lemma quotient_vertices_partition:
  assumes "finite V" "strong_module V col M"
  shows "finite (quotient_vertices V col M)" "quotient_vertices V col M \<noteq> {}"
    "pairwise disjnt (quotient_vertices V col M)" "{} \<notin> quotient_vertices V col M"
    "\<Union> (quotient_vertices V col M) \<subseteq> V"
proof -
  have M: "M \<subseteq> V" "M \<noteq> {}"
    using assms(2) unfolding strong_module_def is_module_def by auto
  have Pmax_Pow: "Pmax V col M \<subseteq> Pow V - {{}}"
    using M(1) by (auto dest: Pmax_subset simp: strong_module_def)
  show "finite (quotient_vertices V col M)"
    using finite_subset[OF Pmax_Pow] assms(1)
    unfolding quotient_vertices_def by auto
  show "quotient_vertices V col M \<noteq> {}"
    using Pmax_nonempty[OF assms(1) M(1)] unfolding quotient_vertices_def by auto
  show "pairwise disjnt (quotient_vertices V col M)"
    using Pmax_pairwise_disjnt unfolding quotient_vertices_def by auto
  show "{} \<notin> quotient_vertices V col M" "\<Union> (quotient_vertices V col M) \<subseteq> V"
    using Pmax_Pow M unfolding quotient_vertices_def by auto
qed

theorem proposition4p4:
  fixes V :: "'a set" and col :: "'a \<Rightarrow> 'a \<Rightarrow> 'c" and M :: "'a set"
  assumes "complete_ec_perm_graph V col"
    and "strong_module V col M"
  shows "complete_ec_perm_graph (quotient_vertices V col M) (quotient_col col)"
proof -
  let ?Q = "quotient_vertices V col M" and ?r = "\<lambda>A. SOME a. a \<in> A"
  have "finite V"
    using assms(1) unfolding complete_ec_perm_graph_def complete_ec_graph_def by blast
  note Q = quotient_vertices_partition[OF this assms(2)]
  have "?r A \<in> A" if "A \<in> ?Q" for A
    using that Q(4) some_in_eq[of A] by auto
  with Q(5) have "?r ` ?Q \<subseteq> V" by blast
  moreover have "quotient_col col = (\<lambda>A B. col (?r A) (?r B))"
    unfolding quotient_col_def ..
  ultimately show ?thesis
    using complete_ec_perm_graph_pullback[OF assms(1) Q(1,2) inj_on_some_elem[OF Q(3,4)]]
    by simp
qed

_ _ _ _ _ _ _

**Task goal**
Every entry must come back exactly as written above.

**Answer to this problem**
lemma quotient_vertices_partition:
  assumes "finite V" "strong_module V col M"
  shows "finite (quotient_vertices V col M)" "quotient_vertices V col M \<noteq> {}"
    "pairwise disjnt (quotient_vertices V col M)" "{} \<notin> quotient_vertices V col M"
    "\<Union> (quotient_vertices V col M) \<subseteq> V"
proof -
  have M: "M \<subseteq> V" "M \<noteq> {}"
    using assms(2) unfolding strong_module_def is_module_def by auto
  have Pmax_Pow: "Pmax V col M \<subseteq> Pow V - {{}}"
    using M(1) by (auto dest: Pmax_subset simp: strong_module_def)
  show "finite (quotient_vertices V col M)"
    using finite_subset[OF Pmax_Pow] assms(1)
    unfolding quotient_vertices_def by auto
  show "quotient_vertices V col M \<noteq> {}"
    using Pmax_nonempty[OF assms(1) M(1)] unfolding quotient_vertices_def by auto
  show "pairwise disjnt (quotient_vertices V col M)"
    using Pmax_pairwise_disjnt unfolding quotient_vertices_def by auto
  show "{} \<notin> quotient_vertices V col M" "\<Union> (quotient_vertices V col M) \<subseteq> V"
    using Pmax_Pow M unfolding quotient_vertices_def by auto
qed

theorem proposition4p4:
  fixes V :: "'a set" and col :: "'a \<Rightarrow> 'a \<Rightarrow> 'c" and M :: "'a set"
  assumes "complete_ec_perm_graph V col"
    and "strong_module V col M"
  shows "complete_ec_perm_graph (quotient_vertices V col M) (quotient_col col)"
proof -
  let ?Q = "quotient_vertices V col M" and ?r = "\<lambda>A. SOME a. a \<in> A"
  have "finite V"
    using assms(1) unfolding complete_ec_perm_graph_def complete_ec_graph_def by blast
  note Q = quotient_vertices_partition[OF this assms(2)]
  have "?r A \<in> A" if "A \<in> ?Q" for A
    using that Q(4) some_in_eq[of A] by auto
  with Q(5) have "?r ` ?Q \<subseteq> V" by blast
  moreover have "quotient_col col = (\<lambda>A B. col (?r A) (?r B))"
    unfolding quotient_col_def ..
  ultimately show ?thesis
    using complete_ec_perm_graph_pullback[OF assms(1) Q(1,2) inj_on_some_elem[OF Q(3,4)]]
    by simp
qed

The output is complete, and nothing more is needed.